Тот показал вид, будто не обиделся, и даже сейчас предложил:
— Ну, так покачаемте его, братцы!
И не успел Пушкин очнуться, как, подхваченный разом десятками рук с криками "ура!", очутился уже в воздухе.
— Ты, Гурьев, право, хоть кого выведешь из терпения! — заметил он, когда наконец стал опять на ноги.
— Да ведь я только за ноженьку твою подержался, только за самый кончик сапога! — отшутился Гурьев.
— А ну его! — сказал Пушкину Дельвиг и насильно увел его с собой. — У меня, знаешь ли, есть до тебя большая просьба…
— Что такое?
— Продиктуй мне, сделай милость, свою "Розу".
— Ты, Дельвиг, туда же, насмехаться вздумал надо мной?
— Нет, честное благородное слово, стихи твои мне так понравились, что я хотел бы хорошенько раз-другой еще перечесть их.
— Ты, значит, тоже охотник до стихов?
— Страстно люблю их, и сам даже…
— Сам даже пишешь?
— Да, грешен…
А кравшийся следом за ними Гурьев уже подслушал их и громко захлопал в ладоши:
— Ха-ха-ха! хи-хи-хи!
И наш Дельвиг пишет стихи!
Ай да я! Недаром, видно, за сапог подержался. Этак, чего доброго, скоро у нас пол-лицея попадет на Парнас. Так ведь, кажется, Пушкин, прозывается наша будущая квартира?

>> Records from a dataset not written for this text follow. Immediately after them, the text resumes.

(* Let $0<a,b<1$, $f\ge3$, and let $\overline w_{m,n}$, $q^*_n(c)$, $w^*_n(c)$ be as in the context. Define the $2\times2$ matrices $$Q(b):=\begin{bmatrix}q^*_1(b)&w^*_1(b)\\ q^*_2(b)&w^*_2(b)\end{bmatrix},\qquad B:=\begin{bmatrix}\frac{b-a}{1-a}&\frac{1-b}{1-a}\\ \kappa(a,b)&\frac{1-b}{1-a}\beta(a,b)\end{bmatrix},\quad \kappa(a,b):=\frac{b-a}{1-a}\beta(a,b)-x(a,b),$$ let $M:=Q(b)^{-1}B$, and for $1\le\ell\le f$ let $\begin{bmatrix}d_1(\ell)\\ d_2(\ell)\end{bmatrix}:=M\begin{bmatrix}w^*_\ell(a)\\ w^*_{\ell+1}(a)\end{bmatrix}$. Then for all $1\le\ell\le f$ and $j\ge1$, $$\overline w_{f-\ell,f+j}=d_1(\ell)q^*_j(b)+d_2(\ell)w^*_j(b).$$
   Context: Let $r,y,z$ be indeterminates. For $c\in(0,1)$: $\omega_c:=1-(1-c)^2r^2y^2z^2$, $\tau_c:=1+(1-c)^2r^2z^2y(1-y)$, $x_c:=c^2z^2\tau_c^2$, $\beta_c:=1+z^2(c^2-(1-c)^2r^2(y^2+c^2(1-y)^2z^2))$; $w^*_0(c):=(\beta_c-\omega_c)/x_c$, $w^*_1(c):=1$, $w^*_{n+1}(c):=\beta_cw^*_n(c)-x_cw^*_{n-1}(c)$ ($n\ge1$); $q^*_0(c):=-(1-y)(1+y+(1-c)^2r^2y^2z^2(1-y))/\tau_c^2$, $q^*_1(c):=y^2$, $q^*_{n+1}(c):=\beta_cq^*_n(c)-x_cq^*_{n-1}(c)$ ($n\ge1$). Also $\tau(a,b):=1+(1-a)(1-b)r^2z^2y(1-y)$, $x(a,b):=b^2z^2\tau(a,b)^2$, $\beta(a,b):=\beta_b-(b-a)b^2(1-b)r^2(1-y)^2z^4$. The upward array $\overline w_{m,n}$ ($0\le m<n$): $\overline w_{m,m+1}:=1$; for $n-m\ge2$: $\overline w_{m,m+\ell}:=w^*_\ell(a)$ if $m+\ell\le f$, $:=w^*_\ell(b)$ if $f\le m$; $\overline w_{f-\ell,f+1}:=\frac{1-b}{1-a}w^*_{\ell+1}(a)+\frac{b-a}{1-a}w^*_\ell(a)$ ($1\le\ell\le f$); $\overline w_{m,f+2}:=\beta(a,b)\overline w_{m,f+1}-x(a,b)\overline w_{m,f}$ ($m\le f-1$); $\overline w_{m,f+j+1}:=\beta_b\overline w_{m,f+j}-x_b\overline w_{m,f+j-1}$ ($m\le f-1$, $j\ge2$). *)

theory Defs
  imports "HOL-Analysis.Analysis"
begin

text \<open>The indeterminates r, y, z are rendered as real parameters.\<close>

definition omega_c :: "real \<Rightarrow> real \<Rightarrow> real \<Rightarrow> real \<Rightarrow> real" where
  "omega_c r y z c = 1 - (1-c)^2 * r^2 * y^2 * z^2"

definition tau_c :: "real \<Rightarrow> real \<Rightarrow> real \<Rightarrow> real \<Rightarrow> real" where
  "tau_c r y z c = 1 + (1-c)^2 * r^2 * z^2 * y * (1-y)"

definition x_c :: "real \<Rightarrow> real \<Rightarrow> real \<Rightarrow> real \<Rightarrow> real" where
  "x_c r y z c = c^2 * z^2 * (tau_c r y z c)^2"

definition beta_c :: "real \<Rightarrow> real \<Rightarrow> real \<Rightarrow> real \<Rightarrow> real" where
  "beta_c r y z c = 1 + z^2 * (c^2 - (1-c)^2 * r^2 * (y^2 + c^2 * (1-y)^2 * z^2))"

fun wstar :: "real \<Rightarrow> real \<Rightarrow> real \<Rightarrow> real \<Rightarrow> nat \<Rightarrow> real" where
  "wstar r y z c 0 = (beta_c r y z c - omega_c r y z c) / x_c r y z c"
| "wstar r y z c (Suc 0) = 1"
| "wstar r y z c (Suc (Suc n)) =
     beta_c r y z c * wstar r y z c (Suc n) - x_c r y z c * wstar r y z c n"

fun qstar :: "real \<Rightarrow> real \<Rightarrow> real \<Rightarrow> real \<Rightarrow> nat \<Rightarrow> real" where
  "qstar r y z c 0 = - (1-y) * (1 + y + (1-c)^2 * r^2 * y^2 * z^2 * (1-y)) / (tau_c r y z c)^2"
| "qstar r y z c (Suc 0) = y^2"
| "qstar r y z c (Suc (Suc n)) =
     beta_c r y z c * qstar r y z c (Suc n) - x_c r y z c * qstar r y z c n"

definition tau_ab :: "real \<Rightarrow> real \<Rightarrow> real \<Rightarrow> real \<Rightarrow> real \<Rightarrow> real" where
  "tau_ab r y z a b = 1 + (1-a) * (1-b) * r^2 * z^2 * y * (1-y)"

definition x_ab :: "real \<Rightarrow> real \<Rightarrow> real \<Rightarrow> real \<Rightarrow> real \<Rightarrow> real" where
  "x_ab r y z a b = b^2 * z^2 * (tau_ab r y z a b)^2"

definition beta_ab :: "real \<Rightarrow> real \<Rightarrow> real \<Rightarrow> real \<Rightarrow> real \<Rightarrow> real" where
  "beta_ab r y z a b = beta_c r y z b - (b-a) * b^2 * (1-b) * r^2 * (1-y)^2 * z^4"

text \<open>Column m < f of the upward array beyond row f:
  wup k = overline w_{m, f+k}; wup 0 = overline w_{m,f} = w*_{f-m}(a).\<close>
fun wup :: "real \<Rightarrow> real \<Rightarrow> real \<Rightarrow> real \<Rightarrow> real \<Rightarrow> nat \<Rightarrow> nat \<Rightarrow> nat \<Rightarrow> real" where
  "wup r y z a b f m 0 = wstar r y z a (f - m)"
| "wup r y z a b f m (Suc 0) =
     (1-b)/(1-a) * wstar r y z a (f - m + 1) + (b-a)/(1-a) * wstar r y z a (f - m)"
| "wup r y z a b f m (Suc (Suc 0)) =
     beta_ab r y z a b * wup r y z a b f m (Suc 0) - x_ab r y z a b * wup r y z a b f m 0"
| "wup r y z a b f m (Suc (Suc (Suc k))) =
     beta_c r y z b * wup r y z a b f m (Suc (Suc k)) - x_c r y z b * wup r y z a b f m (Suc k)"

text \<open>The upward array overline w_{m,n}, meaningful for 0 \<le> m < n.\<close>
definition wbar :: "real \<Rightarrow> real \<Rightarrow> real \<Rightarrow> real \<Rightarrow> real \<Rightarrow> nat \<Rightarrow> nat \<Rightarrow> nat \<Rightarrow> real" where
  "wbar r y z a b f m n =
     (if n = m + 1 then 1
      else if n \<le> f then wstar r y z a (n - m)
      else if f \<le> m then wstar r y z b (n - m)
      else wup r y z a b f m (n - f))"

definition Qmat :: "real \<Rightarrow> real \<Rightarrow> real \<Rightarrow> real \<Rightarrow> real^2^2" where
  "Qmat r y z b = vector [vector [qstar r y z b 1, wstar r y z b 1],
                          vector [qstar r y z b 2, wstar r y z b 2]]"

definition kappa :: "real \<Rightarrow> real \<Rightarrow> real \<Rightarrow> real \<Rightarrow> real \<Rightarrow> real" where
  "kappa r y z a b = (b-a)/(1-a) * beta_ab r y z a b - x_ab r y z a b"

definition Bmat :: "real \<Rightarrow> real \<Rightarrow> real \<Rightarrow> real \<Rightarrow> real \<Rightarrow> real^2^2" where
  "Bmat r y z a b = vector [vector [(b-a)/(1-a), (1-b)/(1-a)],
                            vector [kappa r y z a b, (1-b)/(1-a) * beta_ab r y z a b]]"

definition dvec :: "real \<Rightarrow> real \<Rightarrow> real \<Rightarrow> real \<Rightarrow> real \<Rightarrow> nat \<Rightarrow> real^2" where
  "dvec r y z a b l = (matrix_inv (Qmat r y z b) ** Bmat r y z a b)
                        *v vector [wstar r y z a l, wstar r y z a (l+1)]"

end

theory Submission
  imports Defs
begin

text \<open>Beyond row f+2 the column m = f - l of the upward array obeys the three-term recurrence
  of w*(b) and q*(b), so it is the combination d_1 q*(b) + d_2 w*(b) determined by its entries in
  rows f+1 and f+2. Those two entries are B applied to (w*_l(a), w*_{l+1}(a)), and M = Q(b)^{-1} B
  converts them into the coefficients (d_1, d_2).\<close>

lemma matrix_vector_mult_2_nth:
  fixes A :: "'a::comm_semiring_1^2^2" and v :: "'a^2"
  shows "(A *v v) $ 1 = A$1$1 * v$1 + A$1$2 * v$2"
    and "(A *v v) $ 2 = A$2$1 * v$1 + A$2$2 * v$2"
  by (simp_all add: matrix_vector_mult_def sum_2)

lemma matrix_mul_matrix_inv:
  fixes A :: "'a::semiring_1^'n^'n"
  assumes "invertible A"
  shows "A ** matrix_inv A = mat 1"
  using assms unfolding invertible_def matrix_inv_def by (metis (mono_tags, lifting) someI_ex)

lemma matrix_vector_mult_matrix_inv_cancel:
  fixes A :: "'a::semiring_1^'n^'n"
  assumes "invertible A"
  shows "A *v (matrix_inv A *v v) = v"
  by (simp add: matrix_vector_mul_assoc matrix_mul_matrix_inv[OF assms])

lemma recurrence_eq_linear_combination:
  fixes u p q :: "nat \<Rightarrow> 'a::comm_ring"
  assumes rec_u: "\<And>k. u (Suc (Suc (Suc k))) = \<beta> * u (Suc (Suc k)) - x * u (Suc k)"
    and rec_p: "\<And>k. p (Suc (Suc (Suc k))) = \<beta> * p (Suc (Suc k)) - x * p (Suc k)"
    and rec_q: "\<And>k. q (Suc (Suc (Suc k))) = \<beta> * q (Suc (Suc k)) - x * q (Suc k)"
    and init1: "u 1 = c\<^sub>1 * p 1 + c\<^sub>2 * q 1"
    and init2: "u 2 = c\<^sub>1 * p 2 + c\<^sub>2 * q 2"
    and "j \<ge> 1"
  shows "u j = c\<^sub>1 * p j + c\<^sub>2 * q j"
proof -
  have "u (Suc k) = c\<^sub>1 * p (Suc k) + c\<^sub>2 * q (Suc k)
      \<and> u (Suc (Suc k)) = c\<^sub>1 * p (Suc (Suc k)) + c\<^sub>2 * q (Suc (Suc k))" for k
  proof (induction k)
    case 0
    then show ?case using init1 init2 by (simp add: numeral_2_eq_2)
  next
    case (Suc k)
    then show ?case by (simp add: rec_u rec_p rec_q algebra_simps)
  qed
  moreover obtain k where "j = Suc k" using \<open>j \<ge> 1\<close> by (cases j) auto
  ultimately show ?thesis by simp
qed

lemma wbar_eq_wup:
  assumes "m < f" "f < n"
  shows "wbar r y z a b f m n = wup r y z a b f m (n - f)"
  using assms by (simp add: wbar_def)

lemma wup_initial_eq_Bmat:
  fixes r y z a b :: real and f m :: nat
  shows "wup r y z a b f m 1
           = (Bmat r y z a b *v vector [wstar r y z a (f - m), wstar r y z a (f - m + 1)]) $ 1"
    and "wup r y z a b f m 2
           = (Bmat r y z a b *v vector [wstar r y z a (f - m), wstar r y z a (f - m + 1)]) $ 2"
  by (simp_all add: matrix_vector_mult_2_nth Bmat_def kappa_def numeral_2_eq_2 algebra_simps)

lemma Qmat_mult_dvec:
  assumes "det (Qmat r y z b) \<noteq> 0"
  shows "Qmat r y z b *v dvec r y z a b l
           = Bmat r y z a b *v vector [wstar r y z a l, wstar r y z a (l+1)]"
  using assms
  by (simp add: dvec_def matrix_vector_mul_assoc[symmetric] invertible_det_nz
      matrix_vector_mult_matrix_inv_cancel)

theorem proposition3:
  fixes r y z a b :: real and f l j :: nat
  assumes "0 < a" "a < 1" "0 < b" "b < 1" "f \<ge> 3"
    and "z \<noteq> 0" "tau_c r y z a \<noteq> 0" "tau_c r y z b \<noteq> 0"
    and "det (Qmat r y z b) \<noteq> 0"
    and "1 \<le> l" "l \<le> f" "j \<ge> 1"
  shows "wbar r y z a b f (f - l) (f + j) =
           dvec r y z a b l $ 1 * qstar r y z b j + dvec r y z a b l $ 2 * wstar r y z b j"
proof -
  define d where "d = dvec r y z a b l"
  define u where "u = wup r y z a b f (f - l)"
  have fl: "f - (f - l) = l" using \<open>l \<le> f\<close> by simp
  have Qd: "Qmat r y z b *v d = Bmat r y z a b *v vector [wstar r y z a l, wstar r y z a (l+1)]"
    using Qmat_mult_dvec[OF assms(9)] by (simp add: d_def)
  have "u 1 = (Qmat r y z b *v d) $ 1" and "u 2 = (Qmat r y z b *v d) $ 2"
    using wup_initial_eq_Bmat[of r y z a b f "f - l"] by (simp_all only: Qd u_def fl)
  then have "u 1 = d$1 * qstar r y z b 1 + d$2 * wstar r y z b 1"
    and "u 2 = d$1 * qstar r y z b 2 + d$2 * wstar r y z b 2"
    by (simp_all add: matrix_vector_mult_2_nth Qmat_def mult.commute)
  moreover have "u (Suc (Suc (Suc k))) = beta_c r y z b * u (Suc (Suc k)) - x_c r y z b * u (Suc k)"
    for k by (simp add: u_def)
  ultimately have "u j = d$1 * qstar r y z b j + d$2 * wstar r y z b j"
    using recurrence_eq_linear_combination[of u "beta_c r y z b" "x_c r y z b" "qstar r y z b"
        "wstar r y z b" "d$1" "d$2" j] \<open>j \<ge> 1\<close>
    by simp
  moreover have "wbar r y z a b f (f - l) (f + j) = u j"
    using assms by (simp add: wbar_eq_wup u_def)
  ultimately show ?thesis by (simp add: d_def)
qed

end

Гурьев не подозревал, конечно, что шутливое предсказание его вполне сбудется. Стихотворные или, по выражению Гурьева, «смехотворные» уроки Кошанского с тех пор регулярно повторялись, и чем далее, тем глаже и звучнее выходили стихи, особенно у Пушкина. Но так как Кошанский придавал в стихах наибольшее значение «выспренности», и так как Илличевский в этом отношении довольно удачно подражал Державину, то ему, Илличевскому, профессор долгое время отдавал предпочтение даже перед Пушкиным, стихи которого, по мнению Кошанского, были чересчур «легки». Впрочем, для обоих поэтиков стихотворство было пока еще простою забавой, "игрою в рифмы"; в погоне за первенством в этой игре они взялись раз, уже вне класса, сочинить каждый по рыцарской балладе (в ту пору баллады Жуковского вошли только что в моду). Но задача оказалась им еще не по силам, и ни тот, ни другой не довел своей баллады до конца.

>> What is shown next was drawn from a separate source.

(* Let $\alpha>0$, $\ell>0$, $p\in\mathbb{N}$, and set $a=\frac{1}{1+\alpha}\in(0,1)$, $\theta=\frac{\ell}{1+\alpha}>0$. For every $N\ge1$, the random partition of $\{1,\dots,N\}$ produced at time $N$ by the Chinese restaurant process with competition with parameters $a,\theta,p$ has the same law as the branch partition of $\{1,\dots,N\}$ of the modified GPORT with immigration $\mathcal{T}_{\alpha,\ell}$ with period $p$ after $N$ insertions. (Indeed the two sequences of partitions, indexed by $N$, have the same law.)
   Context: Chinese restaurant process with competition (parameters $0<a<1$, $\theta>0$, $p\in\mathbb{N}$): at time $1$ the partition is $\{\{1\}\}$. For $N\ge1$ write $N=np+k$, $0\le k<p$, and $c_N=N+(n+1)\theta$. Given a partition of $\{1,\dots,N\}$ with $m$ blocks $t_1,\dots,t_m$, element $N+1$ joins block $t_i$ with probability $(|t_i|-a)/c_N$ and forms a new singleton block with probability $((n+1)\theta+ma)/c_N$. Modified GPORT with immigration $\mathcal{T}_{\alpha,\ell}$: at time $0$ there is a single root labelled $0$. At time $N$ the forest has ordinary nodes $1,\dots,N$, the root $0$, and $\lfloor N/p\rfloor$ immigrant roots. Node $N+1$ attaches to an ordinary node $v$ with probability $(d(v)+\alpha)/C_N$ and to a root $v$ (root $0$ or an immigrant root) with probability $(d(v)+\ell)/C_N$, where $d(v)$ is the out-degree and $C_N=(1+\alpha)N+(\lfloor N/p\rfloor+1)\ell$; after node $N+1$ is attached, if $p\mid(N+1)$ a new isolated immigrant root is added. The branch partition of $\{1,\dots,N\}$ has as blocks the label sets of the subtrees rooted at the children of the roots. *)

theory Defs
  imports "HOL-Probability.Probability_Mass_Function"
begin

Зато в стихотворных насмешках над товарищами и воспитателями неопытная, но шаловливая Муза их принесла в первое же время обильные, хотя и далеко недозрелые плоды. Так, с особенным увлечением все лицеисты распевали сочиненный общими силами на известный современный мотив длиннейший романс, в котором чуть ли не каждому обитателю лицея было отведено по куплету. Новые куплеты появлялись нежданно-негаданно, как грибы после дождя, вслед за обстоятельствами, вызвавшими их, и тут же в комании дополнялись, закруглялись, так что доискаться первоначального автора их затруднились бы и сами лицеисты.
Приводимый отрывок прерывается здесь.